The Government's preferred option would rise up from underground on a viaduct at least nine metres high for a mile-long stretch between Ardwick and the new station. Manchester Council has said Northern Powerhouse Rail, the proposed high-speed link to Leeds, would then have to come back out of the station on another viaduct, somewhere near to the first.

And both leaders and technical experts warn that the station would be full from day one of HS2 and NPR, meaning the station would have no capacity to accept any extra services across the North beyond that. Such a move would not be seen in London, they also argue, where an underground HS2 station - with similarities to Manchester’s underground proposals for Piccadilly - has already been funded and is in the process of being built.

In direct opposition to the DfT's insistence there is no convincing argument for an underground station, the council’s previous and latest analysis both suggest a huge opportunity cost - as well as the blight of communities to the east of the city and years, if not decades, of disruption.

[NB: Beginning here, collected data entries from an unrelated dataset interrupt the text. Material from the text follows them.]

(* For $k\geq1$ let $X_k$ be a random symmetric $2\times 2$ matrix whose upper-triangular entries are independent and uniform on $\{1,\ldots,k\}$. Then $$\lim_{L\to\infty}\lim_{k\to\infty}\mathbb{P}\Bigl(\exists\, Q\in\textstyle\bigcup_{\ell=2}^{L}\mathbb{O}_2(\ell,\mathbb{Q}):\ Q^{T}X_kQ\in\mathbb{Z}^{2\times 2}\Bigr)\leq\frac{12G}{\pi^2}-1,$$ where $G=\sum_{m=0}^\infty\frac{(-1)^m}{(2m+1)^2}$ is Catalan's constant (and the limits exist).
   Context: The level of a rational matrix $Q$ is the least integer $\ell\geq 1$ with $\ell Q$ having integer entries. $\mathbb{O}_n(\ell,\mathbb{Q})$ denotes the set of all rational orthogonal $n\times n$ matrices with level $\ell$. *)

theory Defs
  imports "HOL-Analysis.Analysis"
begin

definition rat_orthogonal :: "rat^'n^'n \<Rightarrow> bool" where
  "rat_orthogonal Q \<longleftrightarrow> transpose Q ** Q = mat 1"

definition int_matrix :: "rat^'n^'m \<Rightarrow> bool" where
  "int_matrix A \<longleftrightarrow> (\<forall>i j. A $ i $ j \<in> \<int>)"

definition level :: "rat^'n^'m \<Rightarrow> nat" where
  "level Q = (LEAST l::nat. l \<ge> 1 \<and> int_matrix (\<chi> i j. of_nat l * Q $ i $ j))"

definition rat_orth_level :: "nat \<Rightarrow> (rat^'n^'n) set" where
  "rat_orth_level l = {Q. rat_orthogonal Q \<and> level Q = l}"

definition sym2 :: "int \<Rightarrow> int \<Rightarrow> int \<Rightarrow> rat^2^2" where
  "sym2 a b c = (\<chi> i j. if i = j then (if i = 1 then of_int a else of_int c) else of_int b)"

definition prob_conj :: "nat \<Rightarrow> nat \<Rightarrow> real" where
  "prob_conj k L = real (card {(a, b, c) \<in> {1..int k} \<times> {1..int k} \<times> {1..int k}.
       \<exists>Q \<in> (\<Union>l\<in>{2..L}. rat_orth_level l).
          int_matrix (transpose Q ** sym2 a b c ** Q)}) / real k ^ 3"

definition catalan :: real where
  "catalan = (\<Sum>m. (-1) ^ m / (2 * real m + 1) ^ 2)"

end

theory Submission
  imports Defs "HOL-Number_Theory.Number_Theory"
begin

(* Suppose Q has level l >= 2 and Q^T X Q is integral. Pick a prime P dividing l and let (p, q) be
   the first column of the integer matrix l Q. Orthogonality gives p^2 + q^2 = l^2, and minimality
   of the level forces P not to divide p; hence t = q/p mod P^2 is a square root of -1 modulo P^2
   (so P = 1 mod 4), and integrality of the (1,1) entry becomes a + 2 t b - c = 0 mod P^2.
   There are at most two such t, and each congruence holds for a proportion of about 1/P^2 of
   all triples (a, b, c), so the probability is at most the sum of 2/P^2 over the primes
   P = 1 mod 4, which is below 0.111 < 12 G/pi^2 - 1. The limit in k exists because the event
   is periodic in a, b and c with period (L!)^2; the limit in L exists by monotonicity. *)

section \<open>Levels of rational matrices\<close>

lemma int_matrix_scaled_common_denominator:
  fixes Q :: "rat^'n^'m"
  shows "\<exists>l::nat. l \<ge> 1 \<and> int_matrix (\<chi> i j. of_nat l * Q $ i $ j)"
proof -
  define den where "den x = snd (quotient_of x)" for x
  define d where "d = (\<Prod>ij\<in>UNIV. den (Q $ fst ij $ snd ij))"
  have den_pos: "den x > 0" for x
    unfolding den_def by (rule quotient_of_denom_pos')
  have den_Ints: "of_int (den x) * x \<in> \<int>" for x
  proof -
    obtain n e where ne: "quotient_of x = (n, e)" by force
    then have "x = of_int n / of_int e" "e > 0"
      by (simp_all add: quotient_of_div quotient_of_denom_pos)
    then show ?thesis using ne by (simp add: den_def)
  qed
  have "d > 0"
    unfolding d_def using den_pos by (simp add: prod_pos)
  moreover have "of_int d * Q $ i $ j \<in> \<int>" for i j
  proof -
    have "d = den (Q $ i $ j) * (\<Prod>ij\<in>UNIV - {(i, j)}. den (Q $ fst ij $ snd ij))"
      unfolding d_def by (subst prod.remove[of UNIV "(i, j)"]) auto
    then have "of_int d * Q $ i $ j = of_int (\<Prod>ij\<in>UNIV - {(i, j)}. den (Q $ fst ij $ snd ij))
        * (of_int (den (Q $ i $ j)) * Q $ i $ j)"
      by (simp add: ac_simps)
    also have "\<dots> \<in> \<int>"
      by (rule Ints_mult[OF Ints_of_int den_Ints])
    finally show ?thesis .
  qed
  ultimately show ?thesis
    by (intro exI[of _ "nat d"]) (simp add: int_matrix_def)
qed

lemma
  fixes Q :: "rat^'n^'m"
  shows level_ge_1: "level Q \<ge> 1"
    and of_nat_level_mult_Ints: "of_nat (level Q) * Q $ i $ j \<in> \<int>"
  using LeastI_ex[OF int_matrix_scaled_common_denominator[of Q]]
  by (auto simp: level_def int_matrix_def)

lemma level_div_prime_not_Ints:
  fixes Q :: "rat^'n^'m" and P :: nat
  assumes P: "prime P" "P dvd level Q"
  shows "\<exists>i j. of_nat (level Q) * Q $ i $ j / of_nat P \<notin> \<int>"
proof (rule ccontr)
  define l where "l = level Q"
  obtain k where k: "l = P * k"
    using P(2) unfolding l_def by blast
  have "l div P = k" "of_nat l / of_nat P = (of_nat k :: rat)"
    using k prime_gt_0_nat[OF P(1)] by simp_all
  moreover assume "\<not> ?thesis"
  ultimately have "int_matrix (\<chi> i j. of_nat (l div P) * Q $ i $ j)"
    by (auto simp: int_matrix_def l_def simp flip: times_divide_eq_left)
  moreover have "1 \<le> l div P"
    using P level_ge_1[of Q] by (auto simp: l_def dvd_imp_le div_greater_zero_iff prime_gt_0_nat)
  moreover have "l div P < l"
    using prime_gt_1_nat[OF P(1)] level_ge_1[of Q] by (intro div_less_dividend) (simp_all add: l_def)
  ultimately show False
    using not_less_Least unfolding l_def level_def by blast
qed

lemma rat_orthogonal_column_norm:
  fixes Q :: "rat^'n^'n"
  assumes "rat_orthogonal Q"
  shows "(\<Sum>k\<in>UNIV. Q $ k $ j ^ 2) = 1"
  using arg_cong[OF assms[unfolded rat_orthogonal_def], of "\<lambda>A. A $ j $ j"]
  by (simp add: matrix_matrix_mult_def transpose_def mat_def power2_eq_square)

lemma rat_orthogonal_row_norm:
  fixes Q :: "rat^'n^'n"
  assumes "rat_orthogonal Q"
  shows "(\<Sum>k\<in>UNIV. Q $ i $ k ^ 2) = 1"
proof -
  have "Q ** transpose Q = mat 1"
    using assms matrix_left_right_inverse unfolding rat_orthogonal_def by blast
  from arg_cong[OF this, of "\<lambda>A. A $ i $ i"] show ?thesis
    by (simp add: matrix_matrix_mult_def transpose_def mat_def power2_eq_square)
qed

lemma rat_orthogonal2_entry_square:
  fixes Q :: "rat^2^2"
  assumes "rat_orthogonal Q"
  shows "Q $ i $ j ^ 2 = Q $ 1 $ 1 ^ 2 \<or> Q $ i $ j ^ 2 = 1 - Q $ 1 $ 1 ^ 2"
proof -
  have "Q $ 1 $ 1 ^ 2 + Q $ 2 $ 1 ^ 2 = 1"
    using rat_orthogonal_column_norm[OF assms, of 1] by (simp add: sum_2)
  moreover have "Q $ 1 $ 1 ^ 2 + Q $ 1 $ 2 ^ 2 = 1" "Q $ 2 $ 1 ^ 2 + Q $ 2 $ 2 ^ 2 = 1"
    using rat_orthogonal_row_norm[OF assms, of 1] rat_orthogonal_row_norm[OF assms, of 2]
    by (simp_all add: sum_2)
  ultimately show ?thesis
    using exhaust_2[of i] exhaust_2[of j] by (elim disjE; simp; linarith)
qed

lemma congruence_sym2_entry:
  "(transpose Q ** sym2 a b c ** Q) $ i $ j =
     Q $ 1 $ i * Q $ 1 $ j * of_int a + (Q $ 1 $ i * Q $ 2 $ j + Q $ 2 $ i * Q $ 1 $ j) * of_int b
     + Q $ 2 $ i * Q $ 2 $ j * of_int c"
  by (simp add: matrix_matrix_mult_def transpose_def sym2_def sum_2 algebra_simps)

lemma level_prime_not_dvd_corner:
  fixes Q :: "rat^2^2" and P :: nat
  assumes orth: "rat_orthogonal Q" and P: "prime P" "P dvd level Q"
    and p: "of_nat (level Q) * Q $ 1 $ 1 = of_int p"
  shows "\<not> int P dvd p"
proof
  assume "int P dvd p"
  define l where "l = level Q"
  define N where "N i j = \<lfloor>of_nat l * Q $ i $ j\<rfloor>" for i j
  have N: "of_int (N i j) = of_nat l * Q $ i $ j" for i j
    unfolding N_def l_def by (rule of_int_floor[OF of_nat_level_mult_Ints])
  have "of_nat l * Q $ i $ j / of_nat P \<in> \<int>" for i j
  proof -
    have N_sq: "of_int (N i j ^ 2) = of_nat l ^ 2 * Q $ i $ j ^ 2"
      by (simp add: N power_mult_distrib)
    have p_sq: "of_int (p ^ 2) = of_nat l ^ 2 * Q $ 1 $ 1 ^ 2"
      by (simp add: p[folded l_def, symmetric] power_mult_distrib)
    from rat_orthogonal2_entry_square[OF orth, of i j]
    have "of_nat l ^ 2 * Q $ i $ j ^ 2 = of_nat l ^ 2 * Q $ 1 $ 1 ^ 2
        \<or> of_nat l ^ 2 * Q $ i $ j ^ 2 = of_nat l ^ 2 - of_nat l ^ 2 * Q $ 1 $ 1 ^ 2"
      by (auto simp: right_diff_distrib)
    then have "of_int (N i j ^ 2) = (of_int (p ^ 2) :: rat)
        \<or> of_int (N i j ^ 2) = (of_int (int l ^ 2 - p ^ 2) :: rat)"
      unfolding N_sq of_int_diff p_sq by simp
    then have "N i j ^ 2 = p ^ 2 \<or> N i j ^ 2 = int l ^ 2 - p ^ 2"
      by (simp only: of_int_eq_iff)
    moreover have "int P dvd p ^ 2" "int P dvd int l ^ 2"
      using \<open>int P dvd p\<close> P(2) by (simp_all add: l_def power2_eq_square dvd_mult2)
    ultimately have "int P dvd N i j ^ 2"
      by (auto intro: dvd_diff)
    then obtain z where "N i j = int P * z"
      using P(1) prime_dvd_power_int_iff by (metis dvdE prime_nat_int_transfer zero_less_numeral)
    then have "of_nat l * Q $ i $ j = of_nat P * (of_int z :: rat)"
      using N[of i j] by simp
    then show ?thesis
      using prime_gt_0_nat[OF P(1)] by simp
  qed
  then show False
    using level_div_prime_not_Ints[OF P] unfolding l_def by blast
qed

By building on the surface, HS2 would have to emerge from the ground in Ardwick, before travelling on a mile long viaduct of up to 12 metres in height to reach the new surface station. In order to then connect up to Leeds, it would have to turn back on itself and leave Piccadilly on more viaducts out across east Manchester towards Yorkshire. With detailed design proposals for NPR unavailable, it is unclear how far or exactly where those structures would stretch.

Leaders here instead want an underground version built at a different angle, so that the high speed service could simply travel straight through from London and on towards Yorkshire. Manchester’s argument also hinges on the huge economic cost of developing on the surface rather than underground

Transport secretary Grant Shapps has previously denied in the House of Commons that rail routes would be raised on viaducts coming into Piccadilly. In answer to Blackley and Broughton MP Graham Stringer in November, he said HS2 ‘will not be on stilts coming in’.